Target (TGT) ended the recent trading session at $136.47, demonstrating a -1.66% swing from the preceding day’s closing price. The stock trailed the S&P 500, which registered a daily gain of 0.12%. Meanwhile, the Dow gained 0.52%, and the Nasdaq, a tech-heavy index, lost 0.23%.
Prior to today’s trading, shares of the retailer had gained 4.77% over the past month. This has outpaced the Retail-Wholesale sector’s loss of 4.43% and the S&P 500’s loss of 3.45% in that time.
The investment community will be closely monitoring the performance of Target in its forthcoming earnings report. It is anticipated that the company will report an EPS of $2.14, marking a 28.19% fall compared to the same quarter of the previous year. Simultaneously, our latest consensus estimate expects the revenue to be $30.38 billion, showing a 4.81% drop compared to the year-ago quarter.
TGT’s full-year Zacks Consensus Estimates are calling for earnings of $8.60 per share and revenue of $106.03 billion. These results would represent year-over-year changes of -3.8% and -1.28%, respectively.
Furthermore, it would be beneficial for investors to monitor any recent shifts in analyst projections for Target. These revisions typically reflect the latest short-term business trends, which can change frequently.

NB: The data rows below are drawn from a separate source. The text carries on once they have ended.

lemma strict_subinvariant_if_acyclic:
  assumes "finite S" "acyclic (pos_graph S B)"
    and B_nonneg: "\<And>v w. v \<in> S \<Longrightarrow> w \<in> S \<Longrightarrow> 0 \<le> B v w"
  shows "\<exists>y. strict_subinvariant S B y"
  using assms
proof (induction S rule: finite_psubset_induct)
  case (psubset S)
  show ?case
  proof (cases "S = {}")
    case True
    then show ?thesis by (simp add: strict_subinvariant_def)
  next
    case False
    have "pos_graph S B \<subseteq> S \<times> S" by (auto simp: pos_graph_def)
    then have "finite (pos_graph S B)" using psubset.hyps by (meson finite_SigmaI finite_subset)
    then have "wf (pos_graph S B)" using psubset.prems(1) by (rule finite_acyclic_wf)
    then obtain z where z: "z \<in> S" and source: "\<And>v. (v, z) \<in> pos_graph S B \<Longrightarrow> v \<notin> S"
      using False by (rule wfE_min') blast
    have no_in_edges: "B v z = 0" if "v \<in> S" for v
      using source[of v] psubset.prems(2)[OF that z] that z by (force simp: pos_graph_def)
    have "strict_subinvariant {z} B (\<lambda>_. 1)"
      using no_in_edges[OF z] by (simp add: strict_subinvariant_def)
    moreover obtain y where "strict_subinvariant (S - {z}) B y"
    proof -
      have "acyclic (pos_graph (S - {z}) B)"
        using psubset.prems(1) by (rule acyclic_subset) (auto simp: pos_graph_def)
      then show thesis
        using psubset.IH[of "S - {z}"] psubset.prems(2) z that by blast
    qed
    ultimately have "\<exists>y. strict_subinvariant ({z} \<union> (S - {z})) B y"
      using psubset.hyps no_in_edges by (intro strict_subinvariant_union) auto
    then show ?thesis using z by (simp add: insert_absorb)
  qed
qed

lemma subinvariant_shrink:
  assumes "finite S" and B_nonneg: "\<And>v w. v \<in> S \<Longrightarrow> w \<in> S \<Longrightarrow> 0 \<le> B v w"
    and sub: "subinvariant S B z"
  obtains z' where "subinvariant S B z'" "strict_nodes S B z \<subseteq> strict_nodes S B z'"
    and "\<And>v u. v \<in> S \<Longrightarrow> u \<in> strict_nodes S B z \<Longrightarrow> 0 < B v u \<Longrightarrow> v \<in> strict_nodes S B z'"
proof -
  define P where "P = strict_nodes S B z"
  define slack where "slack v = z v - (\<Sum>w\<in>S. B v w * z w)" for v
  define eps where "eps = Min (insert (1/2) ((\<lambda>v. slack v / (2 * z v)) ` P))"
  define z' where "z' v = (if v \<in> P then (1 - eps) * z v else z v)" for v
  have PS: "P \<subseteq> S" and finP: "finite P"
    using \<open>finite S\<close> by (auto simp: P_def strict_nodes_def)
  have z_pos: "0 < z v" and z_sub: "(\<Sum>w\<in>S. B v w * z w) \<le> z v" if "v \<in> S" for v
    using sub that by (auto simp: subinvariant_def)
  have slack_pos: "0 < slack v" if "v \<in> P" for v
    using that by (simp add: P_def strict_nodes_def slack_def)
  have eps_pos: "0 < eps"
    using finP slack_pos z_pos PS by (auto simp: eps_def Min_gr_iff)
  have eps_half: "eps \<le> 1/2"
    using finP unfolding eps_def by (intro Min_le) auto
  have eps_slack: "eps * z v < slack v" if "v \<in> P" for v
  proof -
    have "eps \<le> slack v / (2 * z v)" using finP that by (simp add: eps_def)
    then show ?thesis using z_pos[of v] slack_pos[OF that] that PS by (auto simp: field_simps)
  qed
  have z'_le: "z' v \<le> z v" if "v \<in> S" for v
    using z_pos[OF that] eps_pos by (simp add: z'_def)
  have z'_less: "z' v < z v" if "v \<in> P" for v
    using z_pos that PS eps_pos by (auto simp: z'_def)
  have sum_le: "(\<Sum>w\<in>S. B v w * z' w) \<le> (\<Sum>w\<in>S. B v w * z w)" if "v \<in> S" for v
    using that B_nonneg z'_le by (intro sum_mono mult_left_mono) auto
  have strict_P: "(\<Sum>w\<in>S. B v w * z' w) < z' v" if "v \<in> P" for v
    using sum_le[of v] eps_slack[OF that] that PS by (auto simp: z'_def slack_def algebra_simps)
  have strict_pred: "(\<Sum>w\<in>S. B v w * z' w) < z' v"
    if "v \<in> S" "u \<in> P" "0 < B v u" for v u
  proof (cases "v \<in> P")
    case False
    have "(\<Sum>w\<in>S. B v w * z' w) < (\<Sum>w\<in>S. B v w * z w)"
    proof (rule sum_strict_mono_ex1[OF \<open>finite S\<close>])
      show "\<forall>w\<in>S. B v w * z' w \<le> B v w * z w"
        using that B_nonneg z'_le by (auto intro: mult_left_mono)
      show "\<exists>w\<in>S. B v w * z' w < B v w * z w"
        using that z'_less PS by (intro bexI[of _ u]) auto
    qed
    then show ?thesis using z_sub[OF \<open>v \<in> S\<close>] False by (simp add: z'_def)
  qed (rule strict_P)
  show ?thesis
  proof
    show "subinvariant S B z'"
      unfolding subinvariant_def
    proof
      fix v assume v: "v \<in> S"
      show "0 < z' v \<and> (\<Sum>w\<in>S. B v w * z' w) \<le> z' v"
      proof (cases "v \<in> P")
        case True
        then show ?thesis using z_pos[OF v] eps_half strict_P[OF True] by (simp add: z'_def)
      next
        case False
        then show ?thesis using z_pos[OF v] sum_le[OF v] z_sub[OF v] by (simp add: z'_def)
      qed
    qed
    show "strict_nodes S B z \<subseteq> strict_nodes S B z'"
      using strict_P PS by (auto simp: P_def strict_nodes_def)
    show "v \<in> strict_nodes S B z'" if "v \<in> S" "u \<in> strict_nodes S B z" "0 < B v u" for v u
      using strict_pred that by (simp add: P_def strict_nodes_def)
  qed
qed

lemma strict_subinvariant_if_reaches_strict_nodes:
  assumes "finite S" and B_nonneg: "\<And>v w. v \<in> S \<Longrightarrow> w \<in> S \<Longrightarrow> 0 \<le> B v w"
    and "subinvariant S B z"
    and "\<And>v. v \<in> S \<Longrightarrow> \<exists>p\<in>strict_nodes S B z. (v, p) \<in> (pos_graph S B)\<^sup>*"
  shows "\<exists>y. strict_subinvariant S B y"
  using assms(3,4)
proof (induction "card (S - strict_nodes S B z)" arbitrary: z rule: less_induct)
  case less
  show ?case
  proof (cases "S \<subseteq> strict_nodes S B z")
    case True
    then have "strict_subinvariant S B z"
      using less.prems(1) by (auto simp: subinvariant_def strict_subinvariant_def strict_nodes_def)
    then show ?thesis by blast
  next
    case False
    then obtain x where x: "x \<in> S" "x \<notin> strict_nodes S B z" by blast
    then obtain p where "p \<in> strict_nodes S B z" "(x, p) \<in> (pos_graph S B)\<^sup>*"
      using less.prems(2) by blast
    then obtain v u where vu: "(v, u) \<in> pos_graph S B"
      and v_lax: "v \<notin> strict_nodes S B z" and u_strict: "u \<in> strict_nodes S B z"
      using rtrancl_crossing_edge[of x p "pos_graph S B" "strict_nodes S B z"] x(2) by blast
    then have v: "v \<in> S" and "0 < B v u" by (auto simp: pos_graph_def)
    obtain z' where sub': "subinvariant S B z'" and grow: "strict_nodes S B z \<subseteq> strict_nodes S B z'"
      and "v \<in> strict_nodes S B z'"
      by (rule subinvariant_shrink[OF \<open>finite S\<close> B_nonneg less.prems(1)]) (use v u_strict \<open>0 < B v u\<close> in auto)
    then have "S - strict_nodes S B z' \<subset> S - strict_nodes S B z"
      using v v_lax by (intro psubsetI Diff_mono[OF order_refl grow]) auto
    then have "card (S - strict_nodes S B z') < card (S - strict_nodes S B z)"
      using \<open>finite S\<close> by (meson finite_Diff psubset_card_mono)
    moreover have "\<exists>p\<in>strict_nodes S B z'. (w, p) \<in> (pos_graph S B)\<^sup>*" if "w \<in> S" for w
      using less.prems(2)[OF that] grow by blast
    ultimately show ?thesis by (rule less.hyps[OF _ sub'])
  qed
qed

Therefore, positive revisions in estimates convey analysts’ confidence in the company’s business performance and profit potential.
Our research demonstrates that these adjustments in estimates directly associate with imminent stock price performance. To utilize this, we have created the Zacks Rank, a proprietary model that integrates these estimate changes and provides a functional rating system.
The Zacks Rank system, running from #1 (Strong Buy) to #5 (Strong Sell), holds an admirable track record of superior performance, independently audited, with #1 stocks contributing an average annual return of +25% since 1988. Over the last 30 days, the Zacks Consensus EPS estimate has witnessed an unchanged state. As of now, Target holds a Zacks Rank of #5 (Strong Sell).
Investors should also note Target’s current valuation metrics, including its Forward P/E ratio of 16.13. This valuation marks a discount compared to its industry’s average Forward P/E of 20.31.
It’s also important to note that TGT currently trades at a PEG ratio of 2.28. The PEG ratio is similar to the widely-used P/E ratio, but this metric also takes the company’s expected earnings growth rate into account. TGT’s industry had an average PEG ratio of 2.28 as of yesterday’s close.